While the share of current debt becoming delinquent has increased for the fifth consecutive quarter for most types of credit, delinquency rates are still low, historically speaking, with less than 3% of total consumer debt delinquent, i.e. at least 30 days late, Statista reports. The absence of a drop in credit card balances in the first quarter also could be a sign of robust consumer spending rather than financial stress, according to Statista. For example, credit cards are presently used more often as a payment method rather than a borrowing method.
Additionally, consumers are far from reaching their debt ceiling, at least in regard to their credit card limits. With a total credit card balance of $986 billion and a total limit of $4.5 trillion, U.S. consumers have $3.5 trillion in untapped available credit on their cards, Statista reports.
Last year, credit cards were the most popular point of sale payment method — 40% of consumers charged a credit card at checkout, according to Worldpay. Debit card (31%), e-wallet, digital/mobile wallet (12%) and cash (12%) followed as the most popular. Buy now, pay later (BNPL) financing trailed at around 1% consumer usage.

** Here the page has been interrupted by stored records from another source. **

(* Let $n\ge1$ and $\alpha,\beta\in(0,1]$. The following two properties hold. (a) For all $\mathcal{C},\mathcal{C}'\in\{\bullet,\circ\}^n$ and every $\widehat{T}\in\mathcal{F}(\mathcal{C}'\to\mathcal{C})$, we have $\hat\mu(\widehat{T})=\mu(f(\widehat{T}))\,W(\mathcal{C}'\to\mathcal{C})$. (b) For every $\widehat{T}\in\widehat{\mathcal{T}}_n$, we have $\hat\mu(\pi(\widehat{T}))=\hat\mu(\widehat{T})$.
   Context: Open-boundary TASEP on $n$ sites: this is the continuous-time Markov chain on $\{\bullet,\circ\}^n$ (strings of length $n$, where $\bullet$ denotes a particle and $\circ$ a hole). Its transition rates are as follows, with $\mathcal{A},\mathcal{A}'$ arbitrary strings: - $W(\circ\mathcal{A}\to\bullet\mathcal{A})=\alpha$; - $W(\mathcal{A}\bullet\to\mathcal{A}\circ)=\beta$; - $W(\mathcal{A}\bullet\circ\mathcal{A}'\to\mathcal{A}\circ\bullet\mathcal{A}')=1$; - $W(\mathcal{C}\to\mathcal{C}')=0$ for all other pairs. A plane binary tree is a finite rooted tree in which every vertex is either an endpoint (a leaf, with no children) or has exactly two children, an ordered left child and right child. Every non-root vertex is thus either a left descendent or a right descendent of its parent. The endpoints are ordered from left to right in the planar order. $\mathcal{T}_n$ denotes the set of plane binary trees with exactly $n+2$ endpoints. The reduced configuration of $T\in\mathcal{T}_n$ is $R(T)=(t_1,\dots,t_n)\in\{\bullet,\circ\}^n$. Here $t_k=\bullet$ if the $(k+1)$-th endpoint from the left is a left child, and $t_k=\circ$ if it is a right child. The leftmost and rightmost endpoints are ignored. $l(T)$ (respectively $r(T)$) is the number of vertices lying strictly between the leftmost (respectively rightmost) endpoint and the root on the path joining them, excluding both the endpoint and the root. Set $\mu(T)=\alpha^{-l(T)}\beta^{-r(T)}$. A last branching vertex of a plane binary tree is a non-endpoint vertex both of whose children are endpoints. A marked tree is a pair $(T,v)$ with $T\in\mathcal{T}_n$ and $v$ a last branching vertex of $T$. The set of marked trees is $\widehat{\mathcal{T}}_n$. The map $f:\widehat{\mathcal{T}}_n\to\mathcal{T}_n$, $f(T,v)=T$, forgets the mark. For $(T,v)\in\widehat{\mathcal{T}}_n$, define $l'(T,v)$ (respectively $r'(T,v)$) as the number of vertices other than $v$ lying strictly between the leftmost (respectively rightmost) endpoint and the root. Set $\hat\mu(T,v)=\alpha^{-l'(T,v)}\beta^{-r'(T,v)}$. Definition of $\pi:\widehat{\mathcal{T}}_n\to\widehat{\mathcal{T}}_n$. Let $(T,v)\in\widehat{\mathcal{T}}_n$, and let $a$ and $b$ be the left and right children of $v$ (both endpoints). Case 1: $v$ is a right child. - Delete the endpoint $a$ together with the edge $va$. The vertex $v$ and its remaining child $b$ are merged into a single endpoint, sitting at $v$'s position; this endpoint is a right child. - If $b$ was not the rightmost endpoint of $T$, replace the first right-child endpoint to the right of this new endpoint by a new internal vertex $w$ with two new endpoint children. - If $b$ was the rightmost endpoint of $T$, replace the rightmost left-child endpoint of the reduced tree by a new internal vertex $w$ with two new endpoint children. - In either sub-case, $\pi(T,v)=(T',w)$, where $T'$ is the resulting tree and the mark is on $w$. Case 2: $v$ is a left child. Apply the mirror image of Case 1, exchanging left and right. - Delete $b$ and the edge $vb$, merging $v$ and $a$ into an endpoint. - If $a$ was not the leftmost endpoint of $T$, graft a cherry $w$ onto the first left-child endpoint to its left. - Otherwise, graft the cherry $w$ onto the leftmost right-child endpoint. - Mark $w$. For $\mathcal{C},\mathcal{C}'\in\{\bullet,\circ\}^n$, define $\mathcal{F}(\mathcal{C}'\to\mathcal{C}):=(R\circ f)^{-1}\{\mathcal{C}'\}\cap(R\circ f\circ\pi)^{-1}\{\mathcal{C}\}$. *)

theory Defs
  imports Complex_Main
begin

text \<open>A vertex is addressed by its path from the root:
  a list of booleans, False = go to left child, True = go to right child.
  Configurations: True = particle (bullet), False = hole (circle).\<close>

datatype ptree = Leaf | Node ptree ptree

fun leaves :: "ptree \<Rightarrow> bool list list" where
  "leaves Leaf = [[]]"
| "leaves (Node l r) = map (Cons False) (leaves l) @ map (Cons True) (leaves r)"

fun subt :: "ptree \<Rightarrow> bool list \<Rightarrow> ptree option" where
  "subt t [] = Some t"
| "subt Leaf (_ # _) = None"
| "subt (Node l r) (b # p) = subt (if b then r else l) p"

fun replace_at :: "bool list \<Rightarrow> ptree \<Rightarrow> ptree \<Rightarrow> ptree" where
  "replace_at [] s t = s"
| "replace_at (_ # _) s Leaf = Leaf"
| "replace_at (b # p) s (Node l r) =
     (if b then Node l (replace_at p s r) else Node (replace_at p s l) r)"

definition trees :: "nat \<Rightarrow> ptree set" where
  "trees n = {T. length (leaves T) = n + 2}"

definition last_branching :: "ptree \<Rightarrow> bool list \<Rightarrow> bool" where
  "last_branching T v \<longleftrightarrow> subt T v = Some (Node Leaf Leaf)"

definition marked :: "nat \<Rightarrow> (ptree \<times> bool list) set" where
  "marked n = {(T, v). T \<in> trees n \<and> last_branching T v}"

definition forget :: "ptree \<times> bool list \<Rightarrow> ptree" where
  "forget x = fst x"

text \<open>Reduced configuration: the (k+1)-th endpoint gives a particle iff it is a left child.\<close>
definition reduced :: "ptree \<Rightarrow> bool list" where
  "reduced T = map (\<lambda>p. \<not> last p) (butlast (tl (leaves T)))"

definition between :: "bool list \<Rightarrow> bool list set" where
  "between p = {take k p | k. 0 < k \<and> k < length p}"

definition lcount :: "ptree \<Rightarrow> nat" where
  "lcount T = card (between (hd (leaves T)))"

definition rcount :: "ptree \<Rightarrow> nat" where
  "rcount T = card (between (last (leaves T)))"

definition mu :: "real \<Rightarrow> real \<Rightarrow> ptree \<Rightarrow> real" where
  "mu \<alpha> \<beta> T = inverse (\<alpha> ^ lcount T) * inverse (\<beta> ^ rcount T)"

definition lcount' :: "ptree \<times> bool list \<Rightarrow> nat" where
  "lcount' x = card (between (hd (leaves (fst x))) - {snd x})"

definition rcount' :: "ptree \<times> bool list \<Rightarrow> nat" where
  "rcount' x = card (between (last (leaves (fst x))) - {snd x})"

definition mu_hat :: "real \<Rightarrow> real \<Rightarrow> ptree \<times> bool list \<Rightarrow> real" where
  "mu_hat \<alpha> \<beta> x = inverse (\<alpha> ^ lcount' x) * inverse (\<beta> ^ rcount' x)"

text \<open>Transition rates of open-boundary TASEP, W(C' -> C) = W_rate alpha beta C' C.\<close>
definition W_rate :: "real \<Rightarrow> real \<Rightarrow> bool list \<Rightarrow> bool list \<Rightarrow> real" where
  "W_rate \<alpha> \<beta> C' C =
     (if \<exists>A. C' = False # A \<and> C = True # A then \<alpha>
      else if \<exists>A. C' = A @ [True] \<and> C = A @ [False] then \<beta>
      else if \<exists>A A'. C' = A @ [True, False] @ A' \<and> C = A @ [False, True] @ A' then 1
      else 0)"

text \<open>The map pi. Deleting the cherry at v leaves all other endpoint paths unchanged,
  and v becomes an endpoint; grafting a cherry at endpoint c turns c into the
  (marked) vertex w = c.\<close>
definition pi_map :: "ptree \<times> bool list \<Rightarrow> ptree \<times> bool list" where
  "pi_map x =
     (let T = fst x; v = snd x in
      if v = [] then x else
      let T0 = replace_at v Leaf T;
          L = leaves T0;
          pre = takeWhile (\<lambda>p. p \<noteq> v) L;
          post = tl (dropWhile (\<lambda>p. p \<noteq> v) L);
          c = (if last v then
                 (if post \<noteq> [] then hd (filter (\<lambda>p. last p) post)
                  else last (filter (\<lambda>p. \<not> last p) L))
               else
                 (if pre \<noteq> [] then last (filter (\<lambda>p. \<not> last p) pre)
                  else hd (filter (\<lambda>p. last p) L)))
      in (replace_at c (Node Leaf Leaf) T0, c))"

definition Fset :: "nat \<Rightarrow> bool list \<Rightarrow> bool list \<Rightarrow> (ptree \<times> bool list) set" where
  "Fset n C' C = {x \<in> marked n. reduced (forget x) = C' \<and> reduced (forget (pi_map x)) = C}"

end

theory Submission
  imports Defs
begin

(* Trees are handled through their endpoint lists (paths in planar order). The
   central observation is that the weight mu_hat of a marked tree (T, v) equals the
   weight of the tree obtained from T by pruning the marked cherry at v, where the
   weight of a tree only depends on the depths of its leftmost and rightmost endpoints
   (lemma mu_hat_weight). Since pi_map prunes the cherry at v and grafts a new marked
   cherry onto an endpoint c of the pruned tree, pruning the result gives back the same
   pruned tree; this yields (b).

   For (a) we express pruning and grafting on endpoint lists (leaves_prune,
   leaves_graft), describe the choice of c made by pi_map (pi_map_right, pi_map_left),
   and compare reduced configurations and weights by pure list computations
   (transition_right, transition_left): in each of the four cases of the definition of
   pi the configurations differ by one TASEP move (a hop, an entrance or an exit) and
   the weights by the corresponding rate 1, alpha or beta. *)

abbreviation prune :: "bool list \<Rightarrow> ptree \<Rightarrow> ptree" where
  "prune v T \<equiv> replace_at v Leaf T"

abbreviation graft :: "bool list \<Rightarrow> ptree \<Rightarrow> ptree" where
  "graft c T \<equiv> replace_at c (Node Leaf Leaf) T"

lemma leaves_nonempty [simp]: "leaves T \<noteq> []"
  by (induction T) auto

lemma first_leaf_all_left: "set (hd (leaves T)) \<subseteq> {False}"
  by (induction T) (auto simp: hd_append hd_map)

lemma last_leaf_all_right: "set (last (leaves T)) \<subseteq> {True}"
  by (induction T) (auto simp: last_append last_map)

lemma leaf_paths_nonempty: "T \<noteq> Leaf \<Longrightarrow> p \<in> set (leaves T) \<Longrightarrow> p \<noteq> []"
  by (cases T) auto

lemma first_leaf_left_child: "T \<noteq> Leaf \<Longrightarrow> \<not> last (hd (leaves T))"
  using first_leaf_all_left[of T] leaf_paths_nonempty[of T "hd (leaves T)"] leaves_nonempty[of T]
  by (auto dest: last_in_set)

lemma last_leaf_right_child: "T \<noteq> Leaf \<Longrightarrow> last (last (leaves T))"
  using last_leaf_all_right[of T] leaf_paths_nonempty[of T "last (leaves T)"] leaves_nonempty[of T]
  by (auto dest: last_in_set)

lemma subt_leaf: "p \<in> set (leaves T) \<Longrightarrow> subt T p = Some Leaf"
  by (induction T arbitrary: p) auto

lemma distinct_leaves: "distinct (leaves T)"
  by (induction T) (auto simp: distinct_map)

lemma leaves_prefix_free:
  "p \<in> set (leaves T) \<Longrightarrow> q \<in> set (leaves T) \<Longrightarrow> take (length p) q = p \<Longrightarrow> p = q"
proof (induction T arbitrary: p q)
  case (Node l r)
  define b p' b' q' where "b = hd p" "p' = tl p" "b' = hd q" "q' = tl q"
  from Node.prems(1) have p: "p = b # p'" "p' \<in> set (leaves (if b then r else l))"
    unfolding b_p'_b'_q'_def by auto
  from Node.prems(2) have q: "q = b' # q'" "q' \<in> set (leaves (if b' then r else l))"
    unfolding b_p'_b'_q'_def by auto
  from Node.prems(3) p q have "b' = b" "take (length p') q' = p'" by auto
  with Node.IH p q show ?case by (cases b) auto
qed simp

lemma leaves_replace_at:
  assumes "subt T p = Some s"
  shows "\<exists>P Q. leaves T = P @ map ((@) p) (leaves s) @ Q \<and>
           (\<forall>s'. leaves (replace_at p s' T) = P @ map ((@) p) (leaves s') @ Q)"
  using assms
proof (induction p arbitrary: T)
  case (Cons b p)
  then obtain l r where T: "T = Node l r" by (cases T) auto
  show ?case
  proof (cases b)
    case True
    with Cons.IH[of r] Cons.prems T obtain P Q where "leaves r = P @ map ((@) p) (leaves s) @ Q"
      "\<forall>s'. leaves (replace_at p s' r) = P @ map ((@) p) (leaves s') @ Q" by auto
    with T True show ?thesis
      by (intro exI[of _ "map (Cons False) (leaves l) @ map (Cons True) P"]
          exI[of _ "map (Cons True) Q"]) (auto simp: comp_def)
  next
    case False
    with Cons.IH[of l] Cons.prems T obtain P Q where "leaves l = P @ map ((@) p) (leaves s) @ Q"
      "\<forall>s'. leaves (replace_at p s' l) = P @ map ((@) p) (leaves s') @ Q" by auto
    with T False show ?thesis
      by (intro exI[of _ "map (Cons False) P"]
          exI[of _ "map (Cons False) Q @ map (Cons True) (leaves r)"]) (auto simp: comp_def)
  qed
qed (intro exI[of _ "[]"], simp add: map_idI)

lemma leaves_prune:
  assumes "subt T v = Some (Node Leaf Leaf)"
  obtains P Q where "leaves T = P @ [v @ [False], v @ [True]] @ Q"
    and "leaves (prune v T) = P @ [v] @ Q"
  using leaves_replace_at[OF assms] that by fastforce

lemma leaves_graft:
  assumes L: "leaves T = P @ [c] @ Q"
  shows "leaves (graft c T) = P @ [c @ [False], c @ [True]] @ Q"
proof -
  have "subt T c = Some Leaf" using subt_leaf[of c T] L by simp
  from leaves_replace_at[OF this] obtain P' Q' where L': "leaves T = P' @ [c] @ Q'"
    and G: "leaves (graft c T) = P' @ [c @ [False], c @ [True]] @ Q'" by auto
  have "distinct (P @ [c] @ Q)" using distinct_leaves[of T] L by simp
  then have "P = P' \<and> Q = Q'" using L L' append_Cons_eq_iff[of c P Q P' Q'] by simp
  then show ?thesis using G by simp
qed

lemma subt_graft: "subt T c \<noteq> None \<Longrightarrow> subt (graft c T) c = Some (Node Leaf Leaf)"
  by (induction c "Node Leaf Leaf" T rule: replace_at.induct) auto

lemma prune_graft: "subt T c = Some Leaf \<Longrightarrow> prune c (graft c T) = T"
  by (induction c Leaf T rule: replace_at.induct) auto
(* One Taylor expansion of the whole sum along the segment from q to p, rather than one per
   coordinate: the common parameter xi keeps the intermediate point q + xi (p - q) on the simplex. *)
lemma bregman_sum_taylor:
  fixes f f' f'' :: "real \<Rightarrow> real"
  assumes f: "\<And>x. 0 < x \<Longrightarrow> (f has_real_derivative f' x) (at x)"
    and f': "\<And>x. 0 < x \<Longrightarrow> (f' has_real_derivative f'' x) (at x)"
    and pos: "\<And>k. k < K \<Longrightarrow> 0 < p k" "\<And>k. k < K \<Longrightarrow> 0 < q k"
  obtains \<xi> where "0 < \<xi>" "\<xi> < 1"
    "(\<Sum>k<K. f (p k) - f (q k) - f' (q k) * (p k - q k))
       = (\<Sum>k<K. (p k - q k)\<^sup>2 * f'' (q k + \<xi> * (p k - q k))) / 2"
proof -
  define G where "G m = (if m = 0 then f else if m = 1 then f' else f'')" for m :: nat
  define g where "g m t = (\<Sum>k<K. G m (q k + t * (p k - q k)) * (p k - q k) ^ m)" for m t
  have "(g m has_real_derivative g (Suc m) t) (at t)" if "m < 2" "0 \<le> t" "t \<le> 1" for m t
  proof -
    have "\<And>x. 0 < x \<Longrightarrow> (G m has_real_derivative G (Suc m) x) (at x)"
      using \<open>m < 2\<close> f f' by (auto simp: G_def less_2_cases_iff)
    from has_real_derivative_sum_along_segment[where w = "\<lambda>d. d ^ m" and K = K and p = p and q = q,
        OF this pos that(2,3)]
    show ?thesis
      by (simp add: g_def[abs_def] mult_ac)
  qed
  then have "\<forall>m t. m < 2 \<and> 0 \<le> t \<and> t \<le> 1 \<longrightarrow> (g m has_real_derivative g (Suc m) t) (at t)"
    by blast
  then obtain \<xi> where "0 < \<xi>" "\<xi> < 1"
    and "g 0 1 = (\<Sum>m<2. g m 0 / fact m * 1 ^ m) + g 2 \<xi> / fact 2 * 1 ^ 2"
    using Maclaurin[of 1 2 g "g 0", OF _ _ refl] by auto
  moreover have "(\<Sum>m<2. g m 0 / fact m * 1 ^ m) = (\<Sum>k<K. f (q k)) + (\<Sum>k<K. f' (q k) * (p k - q k))"
    by (simp add: g_def G_def eval_nat_numeral)
  ultimately have "(\<Sum>k<K. f (p k)) - (\<Sum>k<K. f (q k)) - (\<Sum>k<K. f' (q k) * (p k - q k))
      = (\<Sum>k<K. (p k - q k)\<^sup>2 * f'' (q k + \<xi> * (p k - q k))) / 2"
    by (simp add: g_def G_def mult_ac)
  then show ?thesis
    using that \<open>0 < \<xi>\<close> \<open>\<xi> < 1\<close> by (simp add: sum_subtractf)
qed
(* Let $X$ be a quasi-Banach space and $f=(a_n)_{n=1}^\infty\in\mathbb{F}^{\mathbb{N}}$. Then $f\in\mathscr{G}_b(X)$ if and only if the series $\sum_{n=1}^\infty a_nx_n$ converges in $X$ for every bounded sequence $(x_n)_{n=1}^\infty$ in $X$.
   Context: For $g=(b_n)\in[0,\infty]^{\mathbb{N}}$ define $\lambda_X(g)=\sup\{\|\sum_{n=1}^Nb_nx_n\|:N\in\mathbb{N},\ \|x_n\|\le1\}$ if all $b_n<\infty$, and $\lambda_X(g)=\infty$ otherwise. The galb of $X$ is $\mathscr{G}(X)=\{(a_n)\in\mathbb{F}^{\mathbb{N}}:\lambda_X((|a_n|)_n)<\infty\}$, quasi-normed by $(a_n)\mapsto\lambda_X((|a_n|)_n)$, and $\mathscr{G}_b(X)$ is the closure in $\mathscr{G}(X)$ of the finitely supported sequences. *)

theory Defs
  imports "HOL-Analysis.Analysis"
begin

text \<open>A quasi-normed space over the scalar field 'k (R or C, rendered as a
real normed field) given by an abstract scalar multiplication sc on an
additive group 'a and a quasi-norm q.\<close>

definition quasi_norm :: "('k::real_normed_field \<Rightarrow> 'a::ab_group_add \<Rightarrow> 'a) \<Rightarrow> ('a \<Rightarrow> real) \<Rightarrow> bool" where
  "quasi_norm sc q \<longleftrightarrow> vector_space sc \<and>
     (\<forall>x. 0 \<le> q x) \<and> (\<forall>x. q x = 0 \<longleftrightarrow> x = 0) \<and>
     (\<forall>t x. q (sc t x) = norm t * q x) \<and>
     (\<exists>\<kappa>\<ge>1. \<forall>x y. q (x + y) \<le> \<kappa> * (q x + q y))"

definition quasi_complete :: "('a::ab_group_add \<Rightarrow> real) \<Rightarrow> bool" where
  "quasi_complete q \<longleftrightarrow>
     (\<forall>x :: nat \<Rightarrow> 'a. (\<forall>\<epsilon>>0. \<exists>N. \<forall>m\<ge>N. \<forall>n\<ge>N. q (x m - x n) < \<epsilon>)
        \<longrightarrow> (\<exists>l. (\<lambda>n. q (x n - l)) \<longlonglongrightarrow> 0))"

definition quasi_banach :: "('k::real_normed_field \<Rightarrow> 'a::ab_group_add \<Rightarrow> 'a) \<Rightarrow> ('a \<Rightarrow> real) \<Rightarrow> bool" where
  "quasi_banach sc q \<longleftrightarrow> quasi_norm sc q \<and> quasi_complete q"

text \<open>lambda_X((|a_n|)_n); sequences are indexed from 0.\<close>
definition lambdaX :: "('k::real_normed_field \<Rightarrow> 'a::ab_group_add \<Rightarrow> 'a) \<Rightarrow> ('a \<Rightarrow> real) \<Rightarrow> (nat \<Rightarrow> 'k) \<Rightarrow> ereal" where
  "lambdaX sc q a = (SUP p \<in> {(N, x). \<forall>n. q (x n) \<le> 1}.
      ereal (q (\<Sum>n<fst p. sc (of_real (norm (a n))) (snd p n))))"

definition galb :: "('k::real_normed_field \<Rightarrow> 'a::ab_group_add \<Rightarrow> 'a) \<Rightarrow> ('a \<Rightarrow> real) \<Rightarrow> (nat \<Rightarrow> 'k) set" where
  "galb sc q = {a. lambdaX sc q a < \<infinity>}"

definition galb_b :: "('k::real_normed_field \<Rightarrow> 'a::ab_group_add \<Rightarrow> 'a) \<Rightarrow> ('a \<Rightarrow> real) \<Rightarrow> (nat \<Rightarrow> 'k) set" where
  "galb_b sc q = {a \<in> galb sc q. \<forall>\<epsilon>>0. \<exists>b. finite {n. b n \<noteq> 0} \<and> lambdaX sc q (a - b) < ereal \<epsilon>}"

definition series_converges :: "('k::real_normed_field \<Rightarrow> 'a::ab_group_add \<Rightarrow> 'a) \<Rightarrow> ('a \<Rightarrow> real) \<Rightarrow> (nat \<Rightarrow> 'k) \<Rightarrow> (nat \<Rightarrow> 'a) \<Rightarrow> bool" where
  "series_converges sc q a x \<longleftrightarrow> (\<exists>s. (\<lambda>N. q ((\<Sum>n<N. sc (a n) (x n)) - s)) \<longlonglongrightarrow> 0)"

end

While all generations use credit cards, a TransUnion study found that 50% of “credit-active” Gen Zers in the U.S. have a credit card. In turn, the familiarity with financing payments opened the door for Gen Z to adopt newer forms of credit and debt, such as BNPL options. BNPL is expected to grow driven by younger consumers, and Retail Leader Pro recently reported 43% of Gen Z and millennials in the U.S. used BNPL services to shop for groceries.